What half-life is, why it varies between esters and molecules, and how it determines how often you need to inject.
Half-life is the most important number on the DoseCurve chart. Change it and the entire curve changes shape. This page explains what it actually means, why different esters have wildly different values, and how to use it to reason about dose frequency.
A compound's half-life is the time it takes for half of what's currently in your system to be cleared. That's it. If you have 200 mg in your system and the half-life is 7 days, then in 7 days you'll have 100 mg. In 14 days, 50 mg. In 21 days, 25 mg.
Note what the definition does not say: it does not say "the time until the drug is gone." Half-life is a fractional measurement — there's always half of what was there a half-life ago.
After five half-lives, roughly 97% of a single dose has cleared. That's the practical definition of "out of your system." For testosterone cypionate (half-life ~8 days), one dose is essentially gone after about 40 days. For a fast peptide with a half-life of 30 minutes, it's gone in about 2.5 hours.
The same rule applies in reverse: when you start a new protocol, it takes about five half-lives of repeated dosing to reach steady state — the point where the dose going in equals the dose being cleared each cycle. More on that in Steady state.

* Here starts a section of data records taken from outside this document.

text \<open>A P3 is a pair of edges sharing a vertex, and distinct edges share at most one vertex,
  so the P3s are partitioned by their middle vertex.\<close>
lemma numP3_eq_sum_deg_choose_2:
  assumes "finite V" "finite S" and edges: "\<forall>e\<in>S. e \<subseteq> V \<and> card e = 2"
  shows "numP3 S = (\<Sum>i\<in>V. deg S i choose 2)"
proof -
  define P where "P i = {F. F \<subseteq> {e \<in> S. i \<in> e} \<and> card F = 2}" for i
  have pair_iff: "card (\<Union>F) = 3 \<longleftrightarrow> (\<exists>i\<in>V. F \<in> P i)" if "F \<subseteq> S" "card F = 2" for F
  proof -
    obtain f g where fg: "F = {f, g}" "f \<noteq> g" using \<open>card F = 2\<close> by (meson card_2_iff)
    then have "card (\<Union>F) = 3 \<longleftrightarrow> f \<inter> g \<noteq> {}"
      using card_Un_eq_3_iff_if_card_2 edges that(1) by auto
    also have "\<dots> \<longleftrightarrow> (\<exists>i\<in>V. i \<in> f \<and> i \<in> g)" using edges that(1) fg by auto
    finally show ?thesis using that fg unfolding P_def by auto
  qed
  have "{F. F \<subseteq> S \<and> card F = 2 \<and> card (\<Union>F) = 3} = (\<Union>i\<in>V. P i)"
    using pair_iff unfolding P_def by auto
  moreover have "P i \<inter> P j = {}" if "i \<noteq> j" for i j
  proof (rule ccontr)
    assume "P i \<inter> P j \<noteq> {}"
    then obtain F where F: "F \<subseteq> S" "card F = 2" "\<forall>f\<in>F. i \<in> f \<and> j \<in> f"
      unfolding P_def by auto
    then obtain f g where fg: "F = {f, g}" "f \<noteq> g" by (meson card_2_iff)
    have "card f = 2" "card g = 2" using edges F fg by auto
    then have "card (f \<inter> g) \<le> 1" using fg card_Int_le_1_if_card_2 by blast
    moreover have "card {i, j} \<le> card (f \<inter> g)"
    proof (rule card_mono)
      show "finite (f \<inter> g)" using \<open>card f = 2\<close> card.infinite by fastforce
      show "{i, j} \<subseteq> f \<inter> g" using F fg by auto
    qed
    ultimately show False using \<open>i \<noteq> j\<close> by simp
  qed
  moreover have "card (P i) = deg S i choose 2" for i
    unfolding P_def deg_def by (rule n_subsets) (use \<open>finite S\<close> in simp)
  moreover have "finite (P i)" for i
    unfolding P_def using \<open>finite S\<close> by (auto intro: finite_subset[of _ "Pow S"])
  ultimately show ?thesis
    unfolding numP3_def using \<open>finite V\<close> by (simp add: card_UN_disjoint)
qed

lemma deg_insert:
  assumes "finite S" "e \<notin> S"
  shows "deg (insert e S) i = deg S i + (if i \<in> e then 1 else 0)"
proof -
  have "{f \<in> insert e S. i \<in> f} = (if i \<in> e then insert e {f \<in> S. i \<in> f} else {f \<in> S. i \<in> f})"
    by auto
  then show ?thesis using assms unfolding deg_def by simp
qed

lemma numP3_insert:
  assumes "finite S" "e \<notin> S" and edges: "\<forall>f\<in>insert e S. card f = 2"
  shows "numP3 (insert e S) = numP3 S + (\<Sum>v\<in>e. deg S v)"
proof -
  define V where "V = \<Union>(insert e S)"
  have "finite f" if "f \<in> insert e S" for f
    using edges that by (metis card.infinite zero_neq_numeral)
  then have "finite V" unfolding V_def using assms(1) by blast
  have edges_V: "\<forall>f\<in>insert e S. f \<subseteq> V \<and> card f = 2" using edges unfolding V_def by auto
  have "numP3 (insert e S) = (\<Sum>i\<in>V. deg (insert e S) i choose 2)"
    using numP3_eq_sum_deg_choose_2[OF \<open>finite V\<close> _ edges_V] assms(1) by simp
  also have "\<dots> = (\<Sum>i\<in>V. (deg S i choose 2) + (if i \<in> e then deg S i else 0))"
    using deg_insert[OF assms(1,2)] by (intro sum.cong) (auto simp: numeral_2_eq_2)
  also have "\<dots> = numP3 S + (\<Sum>i\<in>V \<inter> e. deg S i)"
    using numP3_eq_sum_deg_choose_2[OF \<open>finite V\<close> assms(1)] edges_V \<open>finite V\<close>
    by (simp add: sum.distrib sum.inter_restrict)
  also have "V \<inter> e = e" unfolding V_def by auto
  finally show ?thesis .
qed

lemma sud_rate_insert:
  assumes "S \<subseteq> Emax" "e \<in> Emax" "e \<notin> S"
  shows "sud_rate Emax lam mu gam S (insert e S) = lam * gam ^ (\<Sum>v\<in>e. deg S v)"
proof -
  have "(THE e'. e' \<in> Emax - S \<and> insert e S = insert e' S) = e"
    by (rule the_equality) (use assms in auto)
  then show ?thesis unfolding sud_rate_def Let_def using assms by auto
qed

Pure testosterone has a half-life of minutes. You couldn't realistically inject it. The trick of esterification is to attach a fatty acid chain that makes the molecule oil-soluble, so it forms a depot at the injection site and is released slowly into circulation. The longer the chain, the slower the release.
Approximate half-lives for common testosterone esters:
| Ester | Approx. half-life | Typical frequency |
|---|---|---|
| Propionate | ~1–2 days | Every other day |
| Phenylpropionate | ~4 days | Twice weekly |
| Enanthate | ~7 days | Weekly or twice weekly |
| Cypionate | ~8 days | Weekly or twice weekly |
| Undecanoate (oil) | ~20–30 days | Every 10–12 weeks |
These are population averages. Your individual half-life can differ by ±30% based on body composition, metabolism, and injection site.
Two protocols with the same total weekly dose can produce very different curves. 200 mg once a week and 100 mg twice a week deliver the same average — but the twice-weekly version has roughly half the peak-to-trough swing. Frequency is the lever for stability; total dose is the lever for average level.
Try it on the chart: enter the same weekly total with different frequencies and watch the shape change. The line gets flatter as frequency increases, asymptotically approaching the curve of a continuous infusion.
The substance presets on DoseCurve are population-average starting points. If bloodwork from a clinician-supervised protocol consistently disagrees with the modelled curve, the assumed half-life may not match the individual. Discussing the mismatch with the prescribing clinician — and, if appropriate, editing the half-life in the calculator — can make the visualisation a more useful conversation aid.
The model is a teaching aid, not a calibration tool. Bloodwork ordered and interpreted by a clinician remains the ground truth.
DoseCurve is an educational tool. Nothing on this site is medical advice. Always consult a qualified clinician before starting, changing or stopping any protocol.